Will January 21, 2010 at 11:56 pm

as a “former athele turned coach potato” coming off a an achilles tear I felt that there was not a lot of cardio I could do. I have been researching strength and conditioning along with functional training and the kettlebell keeps coming up. Picked one up in the store and quickly realized they don’t work like dumbells. Trying to get some insight on technique so I don’t hurt myslf. Like bodyweight stuff and weight training so this seems like a good fit.


admin January 22, 2010 at 7:23 am

That’s one of my favorite things about kettlebells too, Will – learn to train with them properly and you need not ‘dishonor’ yourself with cardio, as Pavel would say :)


Michael January 24, 2010 at 5:04 am

I’m really enjoying the website. Please keep the post coming!


Mike Polk January 24, 2010 at 5:53 pm

The turkish get up never feels natural and I am not sure I am doing it right. One friend of mine suggested not thinking at all and just trying to get up like you would if you had to hold a weight over your head. Also, piecing together the various exercises for a comprehensive workout program is a little of a mystery. There seem to be a lot of workouts on youtube for instance, but I am not sure which are the most effective. I ordered a structured program, so hopefully that will help. Thanks for taking the time to do this. As someone who has never had a lot of strength, it has been great. For some reason I don’t dread a kettlebell/bodyweight workout as much as a traditional workout. Maybe it is because the intensity level is high enough I don’t feel like I have to spend an hour a day on fitness. Thanks again.


admin January 24, 2010 at 9:58 pm

Yes Mike, I totally agree that a comprehensive program is really hard to find – there’s a lot of random info out there on kettlebell training but not much putting everything together. Hopefully the Quick Start Guide will help solve that problem ;)
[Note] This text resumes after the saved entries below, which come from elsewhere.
lemma disagreement_set_covered:
  fixes a b :: "real \<Rightarrow> 'v::linorder" and s :: real
  assumes "finite V" "s \<ge> 0" "a ` S \<subseteq> V" "b ` S \<subseteq> V"
    and mono: "\<forall>z\<in>S. \<forall>z'\<in>S. z + s < z' \<longrightarrow> max (a z) (b z) \<le> min (a z') (b z')"
  shows "\<exists>U \<in> sets lborel. {z\<in>S. a z \<noteq> b z} \<subseteq> U \<and> emeasure lborel U \<le> ennreal (card V * s)"
proof -
  define level where "level v = {z\<in>S. a z \<noteq> b z \<and> min (a z) (b z) = v}" for v
  define U where "U = (\<Union>v\<in>V. {Inf (level v) .. Inf (level v) + s})"
  \<comment> \<open>Two disagreement points more than s apart cannot share the value min (a z) (b z).\<close>
  have level_near: "z - s \<le> z'" if "z \<in> level v" "z' \<in> level v" for z z' v
  proof (rule ccontr)
    assume "\<not> z - s \<le> z'"
    with that mono have "max (a z') (b z') \<le> min (a z) (b z)" by (auto simp: level_def)
    with that show False by (auto simp: level_def min_def max_def split: if_splits)
  qed
  have "{z\<in>S. a z \<noteq> b z} \<subseteq> U"
  proof
    fix z assume z: "z \<in> {z\<in>S. a z \<noteq> b z}"
    define v where "v = min (a z) (b z)"
    have "z \<in> level v" using z by (simp add: level_def v_def)
    moreover have "v \<in> V" using z assms(3,4) by (auto simp: v_def min_def)
    moreover have "bdd_below (level v)"
      by (rule bdd_belowI[of _ "z - s"]) (rule level_near[OF \<open>z \<in> level v\<close>])
    moreover have "Inf (level v) \<le> z"
      using \<open>z \<in> level v\<close> \<open>bdd_below (level v)\<close> by (rule cInf_lower)
    moreover have "z - s \<le> Inf (level v)"
      using \<open>z \<in> level v\<close> level_near by (intro cInf_greatest) auto
    ultimately show "z \<in> U" unfolding U_def by auto
  qed
  moreover have "U \<in> sets lborel" using \<open>finite V\<close> by (auto simp: U_def)
  moreover have "emeasure lborel U \<le> ennreal (card V * s)"
  proof -
    have "emeasure lborel U \<le> (\<Sum>v\<in>V. emeasure lborel {Inf (level v) .. Inf (level v) + s})"
      unfolding U_def using \<open>finite V\<close> by (intro emeasure_subadditive_finite) auto
    also have "\<dots> = ennreal (card V * s)"
      using \<open>s \<ge> 0\<close> by (simp add: ennreal_mult ennreal_of_nat_eq_real_of_nat)
    finally show ?thesis .
  qed
  ultimately show ?thesis by blast
qed

lemma nn_integral_uniform_disagreement_le:
  fixes a b :: "real \<Rightarrow> 'v::linorder" and L s :: real
  assumes "L > 0" "finite V" "s \<ge> 0" "a ` {0..L} \<subseteq> V" "b ` {0..L} \<subseteq> V"
    and "\<forall>z\<in>{0..L}. \<forall>z'\<in>{0..L}. z + s < z' \<longrightarrow> max (a z) (b z) \<le> min (a z') (b z')"
  shows "(\<integral>\<^sup>+ z. indicator {z. a z \<noteq> b z} z \<partial>uniform_measure lborel {0..L})
           \<le> ennreal (card V * s / L)"
proof -
  obtain U where U: "U \<in> sets lborel" "{z\<in>{0..L}. a z \<noteq> b z} \<subseteq> U"
    "emeasure lborel U \<le> ennreal (card V * s)"
    using disagreement_set_covered[OF assms(2-)] by blast
  have "(\<integral>\<^sup>+ z. indicator {z. a z \<noteq> b z} z \<partial>uniform_measure lborel {0..L})
      \<le> (\<integral>\<^sup>+ z. indicator U z \<partial>uniform_measure lborel {0..L})"
    by (intro nn_integral_mono_AE AE_uniform_measureI AE_I2) (use U(2) in \<open>auto split: split_indicator\<close>)
  also have "\<dots> = emeasure lborel ({0..L} \<inter> U) / ennreal L"
    using U(1) \<open>L > 0\<close> by simp
  also have "\<dots> \<le> ennreal (card V * s) / ennreal L"
  proof (rule divide_right_mono_ennreal)
    have "emeasure lborel ({0..L} \<inter> U) \<le> emeasure lborel U" using U(1) by (intro emeasure_mono) auto
    then show "emeasure lborel ({0..L} \<inter> U) \<le> ennreal (card V * s)" using U(3) by (rule order_trans)
  qed
  also have "\<dots> = ennreal (card V * s / L)"
    using \<open>L > 0\<close> \<open>s \<ge> 0\<close> by (simp add: divide_ennreal)
  finally show ?thesis .
qed
lemma takeuchi_formula:
  "S x = (\<Sum>\<alpha>\<in>{\<alpha>. is_comp \<alpha> \<and> \<xi> \<alpha> x \<noteq> 0}. sm ((-1) ^ length \<alpha>) (\<xi> \<alpha> x))"
proof -
  obtain N where N: "x = (\<Sum>n\<le>N. proj n x)" using proj_decomp by blast
  define U where "U = (\<Union>n\<le>N. comps n)"
  have "S x = (\<Sum>n\<le>N. S (proj n x))" by (subst N) (rule k_linear_sum[OF k_linear_S])
  also have "\<dots> = (\<Sum>n\<le>N. \<Sum>\<alpha>\<in>comps n. sm ((-1) ^ length \<alpha>) (\<xi> \<alpha> x))"
    by (simp add: S_proj_eq_sum_xi)
  also have "\<dots> = (\<Sum>\<alpha>\<in>U. sm ((-1) ^ length \<alpha>) (\<xi> \<alpha> x))"
    unfolding U_def by (rule sum.UNION_disjoint[symmetric]) (auto simp: finite_comps, auto simp: comps_def)
  also have "\<dots> = (\<Sum>\<alpha>\<in>{\<alpha>. is_comp \<alpha> \<and> \<xi> \<alpha> x \<noteq> 0}. sm ((-1) ^ length \<alpha>) (\<xi> \<alpha> x))"
  proof (rule sum.mono_neutral_right)
    show "finite U" by (simp add: U_def finite_comps)
    show "{\<alpha>. is_comp \<alpha> \<and> \<xi> \<alpha> x \<noteq> 0} \<subseteq> U" unfolding U_def by (rule xi_support_subset[OF N])
  qed (auto simp: U_def comps_def sm_zero_right)
  finally show ?thesis .
qed

end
Also, the get-up actually does have pretty specific steps – maybe check out the post I did on it a while back if you haven’t already.

Take care



admin January 24, 2010 at 10:04 pm

Thanks Michael, I appreciate it.


Diego Lacerda January 25, 2010 at 5:14 am

I’m new in kb world… My big problem in kettlebell was TGU… very very hard but i’m learning.
I hope the quick start guide help me more.

Thanks for chance!


rainier January 25, 2010 at 7:55 am

The information on this blog is just the thing to help a newbie like me. Thanks!


admin January 25, 2010 at 8:51 am

Awesome – good to hear rainier – thanks for stopping by


admin January 25, 2010 at 8:53 am

A agree, Diego – the TGU is a difficult movement to master, but once you get it down it helps with so many things … core strength, shoulder stability and mobility, hip mobility, etc.